▶ _SOURCE DATA_
(* Let $\hat A$ be a collection of pairwise disjoint nonempty connected subsets of $S^1$ with $|\hat A|\ge 3$ such that $\bigcup_{J\in\hat A}J$ is dense in $S^1$ and each $J\in\hat A$ is either a single point or an open interval. Let $h:\hat A\to\hat A$ be an order preserving bijection, and let $g_1,g_2:S^1\to S^1$ be orientation preserving homeomorphisms both compatible with $h$. Then $g_1$ and $g_2$ have the same rotation number.
   Context: A bijection $h:\hat A\to\hat A$ of a collection of pairwise disjoint subsets of $S^1$ is order preserving if there is a homeomorphism $g:S^1\to S^1$ with $g(J)=h(J)$ for all $J\in\hat A$; such $g$ is called compatible with $h$. The rotation number of an orientation preserving homeomorphism $g$ of $S^1$ is $\lim_{n\to\infty}G^n(x)/n \pmod 1$, where $G:\mathbb{R}\to\mathbb{R}$ is any lift of $g$ under $\theta\mapsto e^{2\pi i\theta}$ and $x\in\mathbb{R}$ is arbitrary (this is well defined modulo $1$). *)

theory Defs
  imports "HOL-Analysis.Analysis"
begin

abbreviation S1 :: "complex set" where
  "S1 \<equiv> sphere 0 1"

definition expc :: "real \<Rightarrow> complex" where
  "expc x = cis (2 * pi * x)"

definition open_arc :: "complex set \<Rightarrow> bool" where
  "open_arc J \<longleftrightarrow> (\<exists>a b. a < b \<and> b - a < 1 \<and> J = expc ` {a<..<b})"

definition is_lift :: "(complex \<Rightarrow> complex) \<Rightarrow> (real \<Rightarrow> real) \<Rightarrow> bool" where
  "is_lift g G \<longleftrightarrow> continuous_on UNIV G \<and> (\<forall>x. g (expc x) = expc (G x))"

definition circle_homeo :: "(complex \<Rightarrow> complex) \<Rightarrow> bool" where
  "circle_homeo g \<longleftrightarrow> (\<exists>g'. homeomorphism S1 S1 g g')"

definition orientation_preserving :: "(complex \<Rightarrow> complex) \<Rightarrow> bool" where
  "orientation_preserving g \<longleftrightarrow> circle_homeo g \<and> (\<exists>G. is_lift g G \<and> strict_mono G)"

text \<open>Rotation number: lim G^n(x)/n (mod 1), for an arbitrary lift G and point x (here x = 0).\<close>
definition rotation_number :: "(complex \<Rightarrow> complex) \<Rightarrow> real" where
  "rotation_number g = frac (lim (\<lambda>n. (((SOME G. is_lift g G) ^^ n) 0) / real n))"

definition compatible :: "(complex \<Rightarrow> complex) \<Rightarrow> complex set set \<Rightarrow> (complex set \<Rightarrow> complex set) \<Rightarrow> bool" where
  "compatible g A h \<longleftrightarrow> circle_homeo g \<and> (\<forall>J\<in>A. g ` J = h J)"

definition order_preserving :: "complex set set \<Rightarrow> (complex set \<Rightarrow> complex set) \<Rightarrow> bool" where
  "order_preserving A h \<longleftrightarrow> bij_betw h A A \<and> (\<exists>g. compatible g A h)"

end

(*
  The pieces J of A lift to pairwise disjoint intervals of length < 1,
  permuted by translation by 1, and an increasing lift of a homeomorphism compatible with h
  sends the lifted pieces over J to lifted pieces over h J. Choose lifts F1 of g1 and F2 of g2
  such that F1 x0 and F2 x0 lie in one lifted piece for some x0 over A. For every y over A,
  F1 y and F2 y then lie in lifted pieces over the same h J, i.e. in integer translates of each
  other; as F1 and F2 are increasing and commute with translation by 1, a nontrivial translate
  would interleave with the piece through F1 x0 or F1 (x0 + 1), which forces F1 y and F2 y into
  one piece anyway. So the orbits of x0 under F1 and F2 stay in common lifted pieces, at
  distance < 1, and the rotation numbers agree.
*)

theory Submission
  imports Defs
begin

lemma expc_eq_iff: "expc x = expc y \<longleftrightarrow> (\<exists>n::int. x = y + of_int n)"
proof -
  have "expc x = expc y \<longleftrightarrow> sin (2*pi*x) = sin (2*pi*y) \<and> cos (2*pi*x) = cos (2*pi*y)"
    by (auto simp: expc_def complex_eq_iff)
  also have "\<dots> \<longleftrightarrow> (\<exists>n::int. 2*pi*x = 2*pi*y + 2*pi*n)"
    by (rule sin_cos_eq_iff)
  also have "\<dots> \<longleftrightarrow> (\<exists>n::int. x = y + of_int n)"
    by (simp flip: distrib_left)
  finally show ?thesis .
qed

lemma expc_add_of_int [simp]: "expc (x + of_int n) = expc x"
  using expc_eq_iff by blast

lemma expc_add_1 [simp]: "expc (x + 1) = expc x"
  using expc_add_of_int [of x 1] by simp

lemma expc_in_S1 [simp]: "expc x \<in> S1"
  by (simp add: expc_def)

lemma S1_subset_range_expc: "S1 \<subseteq> range expc"
proof
  fix z :: complex assume "z \<in> S1"
  then have "z \<noteq> 0" by auto
  then have "expc (Arg z / (2*pi)) = z"
    using cis_Arg [of z] \<open>z \<in> S1\<close> by (simp add: expc_def sgn_div_norm)
  then show "z \<in> range expc" by (metis rangeI)
qed

lemma circle_homeo_inj_on: "circle_homeo g \<Longrightarrow> inj_on g S1"
  unfolding circle_homeo_def by (metis homeomorphism_apply1 inj_on_inverseI)

lemma is_lift_add_of_int: "is_lift g G \<Longrightarrow> is_lift g (\<lambda>x. G x + of_int c)"
  by (auto simp: is_lift_def intro: continuous_intros)

lemma lifts_differ_by_int:
  assumes "is_lift g F" "is_lift g G"
  obtains c :: int where "G = (\<lambda>x. F x + of_int c)"
proof -
  have int_valued: "G x - F x \<in> \<int>" for x
  proof -
    have "expc (G x) = expc (F x)" using assms unfolding is_lift_def by metis
    then show ?thesis by (auto simp: expc_eq_iff)
  qed
  have "(\<lambda>x. G x - F x) constant_on UNIV"
  proof (rule continuous_discrete_range_constant)
    show "continuous_on UNIV (\<lambda>x. G x - F x)"
      using assms by (auto simp: is_lift_def intro: continuous_on_diff)
    show "\<exists>e>0. \<forall>y. y \<in> UNIV \<and> G y - F y \<noteq> G x - F x \<longrightarrow> e \<le> norm (G y - F y - (G x - F x))"
      for x using int_valued by (intro exI [of _ 1]) (auto intro: Ints_nonzero_abs_ge1)
  qed simp
  then have "G x = F x + (G 0 - F 0)" for x
    unfolding constant_on_def by (metis UNIV_I add_diff_cancel_left' diff_add_cancel)
  moreover obtain c where "G 0 - F 0 = of_int c" using int_valued by (meson Ints_cases)
  ultimately show ?thesis using that by auto
qed

lemma strict_mono_lift_add_1:
  assumes lift: "is_lift g G" and mono: "strict_mono G" and inj: "inj_on g S1"
  shows "G (x + 1) = G x + 1"
proof -
  obtain n :: int where n: "G (x + 1) = G x + of_int n"
    using lift unfolding is_lift_def by (metis expc_add_1 expc_eq_iff)
  have "n \<ge> 1" using n strict_monoD [OF mono, of x "x + 1"] by simp
  moreover have "\<not> n \<ge> 2"
  proof
    assume "n \<ge> 2"
    have "continuous_on {x..x + 1} G"
      using lift unfolding is_lift_def by (meson continuous_on_subset subset_UNIV)
    then obtain t where t: "x \<le> t" "t \<le> x + 1" "G t = G x + 1"
      using IVT' [of G x "G x + 1" "x + 1"] n \<open>n \<ge> 2\<close> by auto
    then have "x < t" "t < x + 1" using n \<open>n \<ge> 2\<close> by (auto simp: less_le)
    have "g (expc t) = g (expc x)"
      using lift t(3) unfolding is_lift_def by (metis expc_add_1)
    then have "expc t = expc x" using inj by (meson inj_on_def expc_in_S1)
    then obtain m :: int where "t = x + of_int m" by (auto simp: expc_eq_iff)
    with \<open>x < t\<close> \<open>t < x + 1\<close> show False by simp
  qed
  ultimately show ?thesis using n by simp
qed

▶ _PROBLEM TO SOLVE_
Of all the entries above, retype exactly the lines from the line with "F x) constant_on" to the line with "using IVT' [of", both included, and no others.

▶ _EXERCISE OUTPUT_
  have "(\<lambda>x. G x - F x) constant_on UNIV"
  proof (rule continuous_discrete_range_constant)
    show "continuous_on UNIV (\<lambda>x. G x - F x)"
      using assms by (auto simp: is_lift_def intro: continuous_on_diff)
    show "\<exists>e>0. \<forall>y. y \<in> UNIV \<and> G y - F y \<noteq> G x - F x \<longrightarrow> e \<le> norm (G y - F y - (G x - F x))"
      for x using int_valued by (intro exI [of _ 1]) (auto intro: Ints_nonzero_abs_ge1)
  qed simp
  then have "G x = F x + (G 0 - F 0)" for x
    unfolding constant_on_def by (metis UNIV_I add_diff_cancel_left' diff_add_cancel)
  moreover obtain c where "G 0 - F 0 = of_int c" using int_valued by (meson Ints_cases)
  ultimately show ?thesis using that by auto
qed

lemma strict_mono_lift_add_1:
  assumes lift: "is_lift g G" and mono: "strict_mono G" and inj: "inj_on g S1"
  shows "G (x + 1) = G x + 1"
proof -
  obtain n :: int where n: "G (x + 1) = G x + of_int n"
    using lift unfolding is_lift_def by (metis expc_add_1 expc_eq_iff)
  have "n \<ge> 1" using n strict_monoD [OF mono, of x "x + 1"] by simp
  moreover have "\<not> n \<ge> 2"
  proof
    assume "n \<ge> 2"
    have "continuous_on {x..x + 1} G"
      using lift unfolding is_lift_def by (meson continuous_on_subset subset_UNIV)
    then obtain t where t: "x \<le> t" "t \<le> x + 1" "G t = G x + 1"
      using IVT' [of G x "G x + 1" "x + 1"] n \<open>n \<ge> 2\<close> by auto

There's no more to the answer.